Monthly Archives: January 2010

Scott Brown – Winning the independent vote

Massachusetts – Where Independents Outnumber Republicans and Democrats

Paul Cellucci

GOP’s Scott Brown rode a wave of voter discontent

No Republican can win in Massachusetts without building a broad coalition of Democrats and Independents

As a Republican who also defied the pundits’ expectations by winning the governor’s seat in heavily Democratic Massachusetts, I was pleased, but not surprised, by Tuesday’s election results.

U.S. senator-elect Scott Brown may have driven his pickup truck around the state to campaign, but it was a wave of voter discontent that he skillfully rode all the way in on election day like a champion surfer.

No Republican can win statewide in Massachusetts without building a broad coalition of Democratic and independent voters. By travelling the state and listening to those voters, in their kitchens and storefronts, and yes, in front of Fenway Park on a frosty winter day – as his opponent Martha Coakley famously scoffed about – Mr. Brown heard the deep concern the citizens of Massachusetts are feeling about the direction of both the federal and state governments.

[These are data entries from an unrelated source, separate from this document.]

lemma l2norm_tendsto_0_if_tail_dominated:
  fixes v :: "nat \<Rightarrow> vec" and g :: "int \<Rightarrow> real" and c :: int
  assumes g: "g summable_on UNIV"
    and dom: "\<And>N i. (cmod (v N i))\<^sup>2 \<le> (if c + int N < \<bar>i\<bar> then g i else 0)"
  shows "(\<lambda>N. l2norm (v N)) \<longlonglongrightarrow> 0"
proof -
  define T where "T N = {i. c + int N < \<bar>i\<bar>}" for N :: nat
  define h where "h N i = (if c + int N < \<bar>i\<bar> then g i else 0)" for N i
  have h_summable: "h N summable_on UNIV" for N
    using summable_on_subset_banach[OF g, of "T N"]
    by (subst summable_on_cong_neutral[where T="T N" and g=g]) (auto simp: h_def T_def)
  have h_infsum: "infsum (h N) UNIV = infsum g (T N)" for N
    by (rule infsum_cong_neutral) (auto simp: h_def T_def)
  have v_summable: "(\<lambda>i. (cmod (v N i))\<^sup>2) summable_on UNIV" for N
    by (rule summable_on_comparison_test[OF h_summable[of N]]) (simp_all add: h_def dom)
  have "(\<lambda>N. infsum (\<lambda>i. (cmod (v N i))\<^sup>2) UNIV) \<longlonglongrightarrow> 0"
  proof (rule tendsto_sandwich[OF _ _ tendsto_const])
    show "\<forall>\<^sub>F N in sequentially. 0 \<le> infsum (\<lambda>i. (cmod (v N i))\<^sup>2) UNIV"
      by (simp add: infsum_nonneg)
    show "\<forall>\<^sub>F N in sequentially. infsum (\<lambda>i. (cmod (v N i))\<^sup>2) UNIV \<le> infsum g (T N)"
      using infsum_mono[OF v_summable h_summable] by (simp add: h_infsum h_def dom)
    show "(\<lambda>N. infsum g (T N)) \<longlonglongrightarrow> 0"
      unfolding T_def by (rule infsum_tail_tendsto_0[OF g])
  qed
  from tendsto_real_sqrt[OF this] show ?thesis by (simp add: l2norm_def)
qed

lemma diagonal_partial_sums_tendsto:
  fixes D :: "'q \<Rightarrow> mat" and k :: "'q \<Rightarrow> int"
  assumes "finite P" "fin_supp x" and col: "\<And>q j. q \<in> P \<Longrightarrow> ell2 (\<lambda>i. D q i j)"
  shows "(\<lambda>N::nat. l2norm ((\<Sum>n\<in>{- int N..int N}.
            mat_app (\<lambda>i j. \<Sum>q\<in>P. if n + k q = i - j then D q i j else 0) x)
          - mat_app (\<Sum>q\<in>P. D q) x)) \<longlonglongrightarrow> 0"
proof -
  define S where "S = {j. x j \<noteq> 0}"
  define Q where "Q = S \<times> P"
  have "finite Q" using assms(1,2) by (simp add: Q_def S_def fin_supp_def)
  define a where "a = (\<lambda>(j, q) i. D q i j * x j)"
  define far where "far = (\<lambda>N i (j, q). int N < \<bar>i - j - k q\<bar>)"
  define E where "E N = (\<Sum>n\<in>{- int N..int N}.
      mat_app (\<lambda>i j. \<Sum>q\<in>P. if n + k q = i - j then D q i j else 0) x) - mat_app (\<Sum>q\<in>P. D q) x"
    for N :: nat
  have app: "mat_app A x i = (\<Sum>j\<in>S. A i j * x j)" for A i
    unfolding mat_app_def
    by (rule infsum_eq_sum_if_support_subset) (use assms(2) in \<open>auto simp: S_def fin_supp_def\<close>)
  have truncation: "(\<Sum>n\<in>{- int N..int N}. if n + k q = i - j then D q i j else 0)
      = D q i j - (if far N i (j, q) then D q i j else 0)" for N i j q
  proof -
    have "(\<Sum>n\<in>{- int N..int N}. if n + k q = i - j then D q i j else 0)
        = (\<Sum>n\<in>{- int N..int N}. if n = i - j - k q then D q i j else 0)"
      by (intro sum.cong) auto
    then show ?thesis by (auto simp: far_def)
  qed
  have E: "E N i = - (\<Sum>r\<in>Q. if far N i r then a r i else 0)" for N i
  proof -
    have "E N i = (\<Sum>j\<in>S. \<Sum>q\<in>P. (\<Sum>n\<in>{- int N..int N}. if n + k q = i - j then D q i j else 0) * x j)
        - (\<Sum>j\<in>S. \<Sum>q\<in>P. D q i j * x j)"
      unfolding E_def by (simp add: app sum_apply sum_distrib_right sum.swap[of _ "{- int N..int N}"])
    also have "\<dots> = (\<Sum>j\<in>S. \<Sum>q\<in>P. - (if far N i (j, q) then a (j, q) i else 0))"
      unfolding truncation
      by (auto simp: a_def left_diff_distrib simp flip: sum_subtractf intro!: sum.cong)
    also have "\<dots> = - (\<Sum>r\<in>Q. if far N i r then a r i else 0)"
      by (simp add: Q_def sum.cartesian_product sum_negf)
    finally show ?thesis .
  qed
  define M where "M = (\<Sum>r\<in>Q. \<bar>fst r + k (snd r)\<bar>)"
  define g where "g i = real (card Q) * (\<Sum>r\<in>Q. (cmod (a r i))\<^sup>2)" for i
  have "g summable_on UNIV"
    unfolding g_def
  proof (intro summable_on_cmult_right summable_on_sum \<open>finite Q\<close>)
    fix r assume "r \<in> Q"
    then obtain j q where r: "r = (j, q)" "q \<in> P" by (auto simp: Q_def)
    have "(\<lambda>i. (cmod (D q i j))\<^sup>2 * (cmod (x j))\<^sup>2) summable_on UNIV"
      using col[OF r(2)] unfolding ell2_def by (rule summable_on_cmult_left)
    then show "(\<lambda>i. (cmod (a r i))\<^sup>2) summable_on UNIV"
      by (simp add: r a_def norm_mult power_mult_distrib)
  qed
  moreover have "(cmod (E N i))\<^sup>2 \<le> (if - M + int N < \<bar>i\<bar> then g i else 0)" for N i
  proof (cases "- M + int N < \<bar>i\<bar>")
    case False
    have "\<not> far N i r" if "r \<in> Q" for r
    proof -
      have "\<bar>fst r + k (snd r)\<bar> \<le> M"
        unfolding M_def using \<open>finite Q\<close> that by (intro member_le_sum) auto
      with False show ?thesis by (auto simp: far_def)
    qed
    then show ?thesis using False by (simp add: E)
  next
    case True
    have "(cmod (E N i))\<^sup>2 \<le> (\<Sum>r\<in>Q. cmod (if far N i r then a r i else 0))\<^sup>2"
      unfolding E norm_minus_cancel by (intro power_mono norm_sum) simp
    also have "\<dots> \<le> (\<Sum>r\<in>Q. (cmod (if far N i r then a r i else 0))\<^sup>2) * card Q"
      by (rule sum_squared_le_sum_of_squares)
    also have "\<dots> \<le> g i"
      unfolding g_def by (auto simp: mult.commute intro!: mult_left_mono sum_mono)
    finally show ?thesis using True by simp
  qed
  ultimately show ?thesis
    unfolding E_def[symmetric] by (rule l2norm_tendsto_0_if_tail_dominated)
qed

theorem proposition3p16:
  fixes x1 :: "'g::{t2_space, ab_group_add}"
    and \<delta> :: "mat \<Rightarrow> mat" and b :: mat and x :: vec
  assumes "infinite_compact_abelian_group TYPE('g)"
    and "closure (range (\<lambda>n::int. zmult n x1)) = UNIV"
    and "is_derivation x1 \<delta>"
    and "b \<in> algBB x1"
    and "fin_supp x"
  shows "(\<lambda>N::nat. l2norm ((\<Sum>n\<in>{- int N..int N}. mat_app (fourier_comp \<delta> n b) x)
                              - mat_app (\<delta> b) x)) \<longlonglongrightarrow> 0"
proof -
  obtain P :: "nat set" and k B where P: "finite P"
    and B: "\<forall>q\<in>P. B q \<in> algBB x1 \<and> homogeneous (k q) (B q)" and b: "b = (\<Sum>q\<in>P. B q)"
    unfolding algBB_def
    by (rule star_alg_homogeneous_decomposition[OF algBB_generators_homogeneous assms(4)[unfolded algBB_def]])
  have fourier: "fourier_comp \<delta> n b = (\<lambda>i j. \<Sum>q\<in>P. if n + k q = i - j then \<delta> (B q) i j else 0)" for n
    unfolding b using fourier_comp_trig_sum[OF P derivation_rho_homogeneous_sum[OF assms(3) B]] by blast
  have derivation: "\<delta> b = (\<Sum>q\<in>P. \<delta> (B q))"
    unfolding b using B by (intro derivation_sum[OF assms(3)]) blast
  have "ell2 (\<lambda>i. \<delta> (B q) i j)" if "q \<in> P" for q j
  proof -
    have "\<delta> (B q) \<in> algB x1" using assms(3) B that by (simp add: is_derivation_def)
    then show ?thesis by (intro bounded_op_column_ell2) (simp add: algB_def cstar_alg_def)
  qed
  then show ?thesis
    unfolding fourier derivation by (rule diagonal_partial_sums_tendsto[OF P assms(5)])
qed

“I can stop it.” Think about those four words echoing across a debate stage and you know Scott Brown was listening to voters when he said them. Voters were deeply concerned about the national health care reform bill. It would have harmed Massachusetts’ vibrant health-care industry, cut Medicare for seniors and undermined the quality of care. And voters knew Massachusetts didn’t need it because the legislature had already passed a reform bill that brought insurance coverage to almost every citizen in the state, a reform Mr. Brown voted for when he served in the State House. Mr. Brown had, well, let’s call it the “audacity of hope,” to sign his name followed by a #41 – in other words, the GOP’s 41st vote – for enthusiastic crowds in the campaign’s closing days because voters wanted to send a message to Washington on health care: “Not so far, not so fast.”

I also think the state’s voters wanted to send two other messages to leaders in Washington and Boston: “Focus on jobs” and “stop spending.”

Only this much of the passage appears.